Report back every line of the entries that contains "lambda", exactly as written.

++++ Provided entries

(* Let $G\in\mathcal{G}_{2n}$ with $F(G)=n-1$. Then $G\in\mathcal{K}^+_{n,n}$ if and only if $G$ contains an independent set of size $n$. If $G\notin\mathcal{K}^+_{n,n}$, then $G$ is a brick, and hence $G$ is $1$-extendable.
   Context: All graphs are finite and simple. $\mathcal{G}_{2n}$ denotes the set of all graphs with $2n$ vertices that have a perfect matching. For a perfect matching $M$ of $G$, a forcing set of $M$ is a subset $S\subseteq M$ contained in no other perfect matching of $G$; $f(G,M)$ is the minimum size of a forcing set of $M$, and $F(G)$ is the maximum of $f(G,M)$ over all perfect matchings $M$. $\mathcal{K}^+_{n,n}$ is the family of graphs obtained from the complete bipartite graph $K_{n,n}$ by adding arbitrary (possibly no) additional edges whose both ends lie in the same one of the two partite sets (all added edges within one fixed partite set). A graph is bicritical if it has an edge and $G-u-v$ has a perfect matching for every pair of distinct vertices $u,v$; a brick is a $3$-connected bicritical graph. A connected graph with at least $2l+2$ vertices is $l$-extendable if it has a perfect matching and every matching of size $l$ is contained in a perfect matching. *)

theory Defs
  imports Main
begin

++++++++
++++ Provided entries

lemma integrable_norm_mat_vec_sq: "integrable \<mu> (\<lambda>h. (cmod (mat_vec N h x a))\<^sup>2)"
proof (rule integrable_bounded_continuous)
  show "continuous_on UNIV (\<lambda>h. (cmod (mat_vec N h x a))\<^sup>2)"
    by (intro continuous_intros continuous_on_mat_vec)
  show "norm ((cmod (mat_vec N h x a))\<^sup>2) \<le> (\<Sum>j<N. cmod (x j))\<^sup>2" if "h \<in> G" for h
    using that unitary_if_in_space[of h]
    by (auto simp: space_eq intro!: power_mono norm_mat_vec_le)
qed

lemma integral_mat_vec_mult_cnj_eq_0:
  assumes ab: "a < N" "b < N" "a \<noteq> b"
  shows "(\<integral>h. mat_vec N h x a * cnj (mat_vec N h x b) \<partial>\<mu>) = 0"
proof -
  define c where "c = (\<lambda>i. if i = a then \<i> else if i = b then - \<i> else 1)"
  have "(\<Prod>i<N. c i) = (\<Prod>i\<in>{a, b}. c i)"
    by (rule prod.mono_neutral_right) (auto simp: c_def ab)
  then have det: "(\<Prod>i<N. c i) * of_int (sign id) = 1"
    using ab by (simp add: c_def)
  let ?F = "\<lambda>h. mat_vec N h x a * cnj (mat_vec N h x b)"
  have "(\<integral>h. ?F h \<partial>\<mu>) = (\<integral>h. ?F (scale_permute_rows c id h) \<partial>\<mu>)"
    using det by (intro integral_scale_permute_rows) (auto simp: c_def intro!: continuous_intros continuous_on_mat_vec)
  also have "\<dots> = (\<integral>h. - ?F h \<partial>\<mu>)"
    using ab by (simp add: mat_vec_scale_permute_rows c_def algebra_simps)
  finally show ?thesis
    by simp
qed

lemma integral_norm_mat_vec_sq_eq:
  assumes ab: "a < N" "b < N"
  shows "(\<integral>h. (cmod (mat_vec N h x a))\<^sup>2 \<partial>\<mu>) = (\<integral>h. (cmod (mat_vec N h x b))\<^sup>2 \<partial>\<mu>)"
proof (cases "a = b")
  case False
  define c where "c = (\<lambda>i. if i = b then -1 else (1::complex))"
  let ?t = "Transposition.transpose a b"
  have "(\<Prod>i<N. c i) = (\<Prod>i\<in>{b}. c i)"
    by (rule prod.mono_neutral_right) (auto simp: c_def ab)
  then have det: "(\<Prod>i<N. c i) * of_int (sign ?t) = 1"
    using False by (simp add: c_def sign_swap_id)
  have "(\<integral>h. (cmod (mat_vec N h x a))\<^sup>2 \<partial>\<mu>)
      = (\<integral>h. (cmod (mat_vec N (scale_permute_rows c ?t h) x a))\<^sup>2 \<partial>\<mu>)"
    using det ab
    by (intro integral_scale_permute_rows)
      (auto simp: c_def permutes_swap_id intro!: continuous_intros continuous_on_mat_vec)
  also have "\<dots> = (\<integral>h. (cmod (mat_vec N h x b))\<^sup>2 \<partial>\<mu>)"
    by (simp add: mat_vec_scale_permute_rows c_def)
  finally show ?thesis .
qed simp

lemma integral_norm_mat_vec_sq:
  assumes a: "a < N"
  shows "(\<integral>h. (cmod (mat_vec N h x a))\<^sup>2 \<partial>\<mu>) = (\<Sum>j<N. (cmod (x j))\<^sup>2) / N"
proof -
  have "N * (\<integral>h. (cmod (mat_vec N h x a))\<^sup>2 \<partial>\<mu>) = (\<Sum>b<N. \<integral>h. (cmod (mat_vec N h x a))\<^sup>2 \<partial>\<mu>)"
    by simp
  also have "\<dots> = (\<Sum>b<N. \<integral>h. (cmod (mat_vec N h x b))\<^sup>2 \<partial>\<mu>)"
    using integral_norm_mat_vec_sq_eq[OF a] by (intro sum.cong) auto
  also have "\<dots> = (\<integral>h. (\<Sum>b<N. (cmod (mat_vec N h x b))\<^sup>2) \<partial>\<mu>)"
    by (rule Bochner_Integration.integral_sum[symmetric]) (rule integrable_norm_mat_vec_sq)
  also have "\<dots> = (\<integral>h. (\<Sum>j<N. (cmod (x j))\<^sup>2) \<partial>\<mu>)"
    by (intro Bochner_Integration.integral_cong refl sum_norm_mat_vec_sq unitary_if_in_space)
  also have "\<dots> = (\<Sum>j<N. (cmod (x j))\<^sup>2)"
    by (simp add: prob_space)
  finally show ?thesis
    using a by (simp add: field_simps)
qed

++++++++

> Written response
lemma integrable_norm_mat_vec_sq: "integrable \<mu> (\<lambda>h. (cmod (mat_vec N h x a))\<^sup>2)"
  show "continuous_on UNIV (\<lambda>h. (cmod (mat_vec N h x a))\<^sup>2)"
  define c where "c = (\<lambda>i. if i = a then \<i> else if i = b then - \<i> else 1)"
  let ?F = "\<lambda>h. mat_vec N h x a * cnj (mat_vec N h x b)"
  define c where "c = (\<lambda>i. if i = b then -1 else (1::complex))"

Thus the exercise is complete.